Describing The Nexus of Distance Running and The Law.

Saturday, June 30, 2007


I’ve been really waiting a long time to find this time. A time when I can exemplify and manifest myself in a precedent of success.

I dream a lot. Not in the sleep sense of the word. But in promise, and ambition, and in pursuit. I imagine great things, and work towards them. I try to weave my duties within the paragraphs of this great script of life.

I imagine these scenic runs, where I meet toil and fatigue, only to imagine myself become renewed. I have an experience of the past; yet redefine my efforts by something today. It doesn’t always work, but on the few occasions that I achieve these small things, I feel unrivaled success, and astronomical joy.

Yesterday was quite miserable. I didn’t train. It was an off day. I’m going to be honest; I think I may have permanently injured a part of my calf last spring. After running Boston on it, I now have this different musculature in the medial side of my tibialis anterior. So maybe it just needs some ART or massage, but it’s a pretty strange area. I resolved yesterday I would run long, at my happy place this morning, before I did anything about my moving process, or painting furniture, or the other minutiae outside my endurance endeavors.

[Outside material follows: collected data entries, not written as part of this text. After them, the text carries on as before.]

(* Let $S$ be a solid and let $x,y,z\in S$. If $y$ and $z$ are of the same sign (both positive or both negative), then $x(y+z)=xy+xz$.
   Context: A solid is a set $S$ with two binary operations $+$ and $\cdot$ (written $xy$) and a binary relation $\le$ satisfying the following axioms (all variables range over $S$). (A1) $+$ is associative and commutative. (A2) For each $x$ there is $e$ with $x+e=x$ such that $e+f=e$ for every $f$ with $x+f=x$; this $e$ is unique and is denoted $e(x)$ (the magnitude of $x$). An element $x$ with $x=e(x)$ is called a magnitude. (A3) For each $x$ there is $s$ with $x+s=e(x)$ and $e(s)=e(x)$; it is unique and denoted $-x$; write $x-y$ for $x+(-y)$. (A4) $e(x+y)=e(x)$ or $e(x+y)=e(y)$. (M1) $\cdot$ is associative and commutative. (M2) For each $x\neq e(x)$ there is $u$ with $xu=x$ such that $uv=u$ for every $v$ with $xv=x$; it is unique and denoted $u(x)$. (M3) For each $x\ne e(x)$ there is $d$ with $xd=u(x)$ and $u(d)=u(x)$; it is unique and denoted $x^{-1}$; write $y/x$ for $yx^{-1}$. (M4) If $x\neq e(x)$ and $y\ne e(y)$ then $u(xy)=u(x)$ or $u(xy)=u(y)$. (O1) $\le$ is a total order (reflexive, antisymmetric, transitive, total); $x<y$ means $x\le y$ and $x\ne y$. (O2) $x\le y\Rightarrow x+z\le y+z$. (O3) $y+e(x)=e(x)\Rightarrow (y\le e(x)$ and $-y\le e(x))$. (O4) $(e(x)<x$ and $y\le z)\Rightarrow xy\le xz$. (O5) $e(y)\le y\le z\Rightarrow e(x)y\le e(x)z$. (AM1) For all $x,y$ there is $z$ with $e(x)y=e(z)$. (AM2) $e(xy)=e(x)y+e(y)x$. (AM3) If $x\ne e(x)$ then $e(u(x))=e(x)/x$. (AM4) (distributivity axiom) $xy+xz=x(y+z)+e(x)y+e(x)z$. (AM5) $-(xy)=(-x)y$. (E1) There is $m$ with $m+x=x$ for all $x$; it is unique, called zero and denoted $0$. (E2) There is $u$ with $ux=x$ for all $x$; it is unique, called one and denoted $1$. (E3) There is $M$ with $e(x)+M=M$ for all $x$. (E4) There is $x$ with $e(x)\ne 0$ and $e(x)\ne M$. (E5) For every $x$ there is $a$ with $x=a+e(x)$ and $e(a)=0$. (E6) If $x,y$ are magnitudes with $x<y$, there is $z$ with $z\ne e(z)$ and $x<z<y$. Further notation: $S^*=\{x\in S: x\ne e(x)\}$ (zeroless elements). $x$ is positive if $e(x)\le x$ and negative if $x<e(x)$; $|x|=x$ if $x$ is positive and $|x|=-x$ if $x$ is negative. $x$ is precise if $e(x)=0$. The relative uncertainty $R(x)$ is $e(u(x))$ if $x\ne e(x)$, and $M$ (from (E3)) if $x=e(x)$. *)

theory Defs
  imports Main
begin

text \<open>A solid is a type 'a (the set S) with addition pl, multiplication tm and order le.
  Derived operations are defined by definite description from the axioms.\<close>

definition mag :: "('a \<Rightarrow> 'a \<Rightarrow> 'a) \<Rightarrow> 'a \<Rightarrow> 'a" where
  "mag pl x = (THE e. pl x e = x \<and> (\<forall>f. pl x f = x \<longrightarrow> pl e f = e))"

definition neg :: "('a \<Rightarrow> 'a \<Rightarrow> 'a) \<Rightarrow> 'a \<Rightarrow> 'a" where
  "neg pl x = (THE s. pl x s = mag pl x \<and> mag pl s = mag pl x)"

definition unt :: "('a \<Rightarrow> 'a \<Rightarrow> 'a) \<Rightarrow> 'a \<Rightarrow> 'a" where
  "unt tm x = (THE u. tm x u = x \<and> (\<forall>v. tm x v = x \<longrightarrow> tm u v = u))"

definition inv :: "('a \<Rightarrow> 'a \<Rightarrow> 'a) \<Rightarrow> 'a \<Rightarrow> 'a" where
  "inv tm x = (THE d. tm x d = unt tm x \<and> unt tm d = unt tm x)"

definition zer :: "('a \<Rightarrow> 'a \<Rightarrow> 'a) \<Rightarrow> 'a" where
  "zer pl = (THE m. \<forall>x. pl m x = x)"
(* There is an absolute constant $c>0$ such that the following holds. Let $r,r'>1$ be conjugate indices ($1/r+1/r'=1$), let $z\in\mathbb R^N$, and let $V\subset\mathbb R^N$ satisfy Structural Assumption A with $p=r'$ (for some integer $s_0\ge0$, admissible sequence $(V_s)$ with maps $\pi_s$, seminorms $\|\cdot\|_{[s]}$, $\|\cdot\|$, and integers $(j_s)_{s\ge s_0}$). Let $\varepsilon_1,\dots,\varepsilon_N$ be independent symmetric $\{-1,1\}$-valued random variables. Then for every $t\ge4$, with probability at least $1-2\exp(-ct^22^{s_0})$, for every $v\in V$, $$\left|\sum_{i=1}^N\varepsilon_iz_iv_i\right|\le2\|z\|_{\ell_2^N}\Lambda(V)+t\,\Theta(V)\,N^{1/2r'}\Big(\sum_{i\ge j_{s_0}}(z_i^* )^{2r}\Big)^{1/2r}.$$
   Context: For $x\in\mathbb R^N$, $(x_i^* )_{i=1}^N$ is the nonincreasing rearrangement of $(|x_i|)_{i=1}^N$; empty sums are $0$. An admissible sequence of $V$ is a sequence of subsets $(V_s)_{s\ge0}$ with $|V_0|=1$, $|V_s|\le2^{2^s}$. Structural Assumption A (parameter $p\ge1$): $s_0\ge0$ is an integer, $(V_s)_{s\ge0}$ an admissible sequence of $V$, $\pi_s:V\to V_s$ maps, $\Delta_sv=\pi_{s+1}v-\pi_sv$, and for every $v\in V$, $v=\pi_{s_0}v+\sum_{s\ge s_0}\Delta_sv$ (convergent series). $(\|\cdot\|_{[s]})_{s\ge s_0}$ is a family of seminorms on $\mathbb R^N$ and $\|\cdot\|$ another seminorm on $\mathbb R^N$. $(j_s)_{s\ge s_0}$ is a nondecreasing sequence of integers with $1\le j_s\le N+1$. For every $s\ge s_0$ and $v\in V$: $\big(\sum_{i<j_s}((\Delta_sv)_i^* )^2\big)^{1/2}\le\|\Delta_sv\|_{[s]}$, $\big(\sum_{i\ge j_s}((\Delta_sv)_i^* )^{2p}\big)^{1/2p}\le\|\Delta_sv\|N^{1/2p}$, $\big(\sum_{i<j_s}((\pi_sv)_i^* )^2\big)^{1/2}\le\|\pi_sv\|_{[s]}$, $\big(\sum_{i\ge j_s}((\pi_sv)_i^* )^{2p}\big)^{1/2p}\le\|\pi_sv\|N^{1/2p}$. Set $\Lambda(V)=\sup_{v\in V}\big(\sum_{s\ge s_0}\|\Delta_sv\|_{[s]}+\|\pi_{s_0}v\|_{[s_0]}\big)$ and $\Theta(V)=\sup_{v\in V}\big(\sum_{s\ge s_0}2^{s/2}\|\Delta_sv\|+2^{s_0/2}\|\pi_{s_0}v\|\big)$. *)

theory Defs
  imports "HOL-Probability.Probability"
begin

text \<open>Vectors of R^N are represented as functions nat => real supported on {1..N}.\<close>

definition RN :: "nat \<Rightarrow> (nat \<Rightarrow> real) set" where
  "RN N = {x. \<forall>i. i \<notin> {1..N} \<longrightarrow> x i = 0}"

text \<open>Nonincreasing rearrangement of (|x_i|)_{i=1}^N, 1-indexed: xstar N x i for 1 <= i <= N.\<close>
definition xstar :: "nat \<Rightarrow> (nat \<Rightarrow> real) \<Rightarrow> nat \<Rightarrow> real" where
  "xstar N x i = rev (sort (map (\<lambda>k. \<bar>x k\<bar>) [1..<N+1])) ! (i - 1)"

definition head_l2 :: "nat \<Rightarrow> nat \<Rightarrow> (nat \<Rightarrow> real) \<Rightarrow> real" where
  "head_l2 N j x = sqrt (\<Sum>i\<in>{1..<j}. (xstar N x i)^2)"

definition tail_lq :: "nat \<Rightarrow> real \<Rightarrow> nat \<Rightarrow> (nat \<Rightarrow> real) \<Rightarrow> real" where
  "tail_lq N q j x = (\<Sum>i\<in>{j..N}. (xstar N x i) powr q) powr (1 / q)"

definition l2norm :: "nat \<Rightarrow> (nat \<Rightarrow> real) \<Rightarrow> real" where
  "l2norm N x = sqrt (\<Sum>i\<in>{1..N}. (x i)^2)"

definition is_seminorm :: "nat \<Rightarrow> ((nat \<Rightarrow> real) \<Rightarrow> real) \<Rightarrow> bool" where
  "is_seminorm N f \<longleftrightarrow>
     (\<forall>x\<in>RN N. \<forall>y\<in>RN N. f (\<lambda>i. x i + y i) \<le> f x + f y) \<and>
     (\<forall>x\<in>RN N. \<forall>a::real. f (\<lambda>i. a * x i) = \<bar>a\<bar> * f x)"

definition admissible :: "(nat \<Rightarrow> real) set \<Rightarrow> (nat \<Rightarrow> (nat \<Rightarrow> real) set) \<Rightarrow> bool" where
  "admissible V Vs \<longleftrightarrow> (\<forall>s. Vs s \<subseteq> V \<and> finite (Vs s) \<and> card (Vs s) \<le> 2 ^ (2 ^ s)) \<and> card (Vs 0) = 1"

definition Delta :: "(nat \<Rightarrow> (nat \<Rightarrow> real) \<Rightarrow> (nat \<Rightarrow> real)) \<Rightarrow> nat \<Rightarrow> (nat \<Rightarrow> real) \<Rightarrow> (nat \<Rightarrow> real)" where
  "Delta \<pi> s v = (\<lambda>i. \<pi> (Suc s) v i - \<pi> s v i)"
text \<open>Inner regularity applied to the finitely many superlevel sets \<open>{y. t\<^sub>k \<le> \<psi> y}\<close>,
  \<open>t\<^sub>k = -M + k \<delta>\<close>, of \<open>\<psi>\<close>: \<open>D\<close> collects the points \<open>(y, t\<^sub>k)\<close> for \<open>y\<close> in a compact subset
  of the \<open>k\<close>-th level set.\<close>
lemma compact_staircase_below:
  fixes \<nu> :: "'a::polish_space measure" and \<psi> :: "'a \<Rightarrow> real"
  assumes \<nu>: "finite_measure \<nu>" "sets \<nu> = sets borel"
    and \<psi>: "\<psi> \<in> borel_measurable borel" "\<And>y. \<bar>\<psi> y\<bar> \<le> M"
    and "0 < \<delta>" "0 < \<eta>"
  obtains D U where "compact D" "\<And>y s. (y, s) \<in> D \<Longrightarrow> s \<le> \<psi> y"
    "U \<in> sets borel" "measure \<nu> U \<le> \<eta>" "\<And>y. y \<notin> U \<Longrightarrow> \<exists>s. (y, s) \<in> D \<and> \<psi> y < s + \<delta>"
proof -
  interpret finite_measure \<nu> by fact
  define N where "N = nat \<lceil>2 * M / \<delta>\<rceil>"
  define t where "t k = - M + real k * \<delta>" for k :: nat
  define A where "A k = {y. t k \<le> \<psi> y}" for k
  have A: "A k \<in> sets borel" for k
    unfolding A_def using \<psi>(1) by measurable
  have "0 < \<eta> / (N + 1)" using \<open>0 < \<eta>\<close> by simp
  then have "\<exists>C. C \<subseteq> A k \<and> compact C \<and> measure \<nu> (A k - C) < \<eta> / (N + 1)" for k
    by (rule compact_subset_measure_Diff_less[OF \<nu> A]) blast
  then obtain C where C: "\<And>k. C k \<subseteq> A k" "\<And>k. compact (C k)"
    "\<And>k. measure \<nu> (A k - C k) < \<eta> / (N + 1)"
    by metis
  define D where "D = (\<Union>k\<le>N. C k \<times> {t k})"
  define U where "U = (\<Union>k\<le>N. A k - C k)"
  have "compact D"
    unfolding D_def by (intro compact_UN compact_Times C compact_sing) auto
  moreover have "s \<le> \<psi> y" if "(y, s) \<in> D" for y s
    using that C(1) by (auto simp: D_def A_def)
  moreover have "U \<in> sets borel"
    unfolding U_def using A C(2) by (auto intro!: sets.Diff simp: compact_imp_closed borel_closed)
  moreover have "measure \<nu> U \<le> \<eta>"
  proof -
    have "measure \<nu> U \<le> (\<Sum>k\<le>N. measure \<nu> (A k - C k))"
      unfolding U_def using A C(2) \<nu>(2)
      by (intro finite_measure_subadditive_finite) (auto intro!: sets.Diff simp: compact_imp_closed borel_closed)
    also have "\<dots> \<le> (\<Sum>k\<le>N. \<eta> / (N + 1))"
      using C(3) by (intro sum_mono less_imp_le)
    finally show ?thesis by simp
  qed
  moreover have "\<exists>s. (y, s) \<in> D \<and> \<psi> y < s + \<delta>" if "y \<notin> U" for y
  proof -
    define k where "k = nat \<lfloor>(\<psi> y + M) / \<delta>\<rfloor>"
    have "0 \<le> (\<psi> y + M) / \<delta>" using \<psi>(2)[of y] \<open>0 < \<delta>\<close> by auto
    then have k: "real k \<le> (\<psi> y + M) / \<delta>" "(\<psi> y + M) / \<delta> < real k + 1"
      unfolding k_def by linarith+
    have "(\<psi> y + M) / \<delta> \<le> 2 * M / \<delta>"
      using \<psi>(2)[of y] \<open>0 < \<delta>\<close> by (auto simp: divide_right_mono)
    then have "k \<le> N"
      unfolding k_def N_def by (meson ceiling_mono le_nat_iff nat_mono floor_le_ceiling order.trans ceiling_le_iff)
    moreover have "t k \<le> \<psi> y" "\<psi> y < t k + \<delta>"
      using k \<open>0 < \<delta>\<close> by (simp_all add: t_def field_simps)
    ultimately have "(y, t k) \<in> D"
      using \<open>y \<notin> U\<close> by (auto simp: D_def U_def A_def)
    with \<open>\<psi> y < t k + \<delta>\<close> show ?thesis by blast
  qed
  ultimately show ?thesis using that by blast
qed

lemma SUP_le_SUP_epsilon:
  fixes f :: "'a \<Rightarrow> ereal" and g :: "'b \<Rightarrow> ereal"
  assumes "\<And>a \<epsilon>. a \<in> A \<Longrightarrow> 0 < \<epsilon> \<Longrightarrow> \<exists>b\<in>B. f a \<le> g b + ereal \<epsilon>"
  shows "(SUP a\<in>A. f a) \<le> (SUP b\<in>B. g b)"
proof (rule SUP_least)
  fix a assume "a \<in> A"
  show "f a \<le> (SUP b\<in>B. g b)"
  proof (rule ereal_le_epsilon2)
    fix \<epsilon> :: real assume "0 < \<epsilon>"
    then obtain b where "b \<in> B" "f a \<le> g b + ereal \<epsilon>"
      using assms \<open>a \<in> A\<close> by blast
    then show "f a \<le> (SUP b\<in>B. g b) + ereal \<epsilon>"
      by (meson SUP_upper add_right_mono order_trans)
  qed
qed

I ran a long run at my favorite place today, as I promised. It went exceedingly well. I suffered yesterday to enjoy today. Joy, I exercised. I encountered horses with riders, dogs, hikers, and a degree of familiarity I had long forgotten. The fundamental difference between those of New Hampshire and those of the Bay State is the degree of simple kindness they exhibit. For the people north are of such kind heart and soul, without the slightest adversary. Despite the suffering, the agony, and the stresses facing me, my running keeps me grounded. It gives me life.

There is life, deep in my suffering.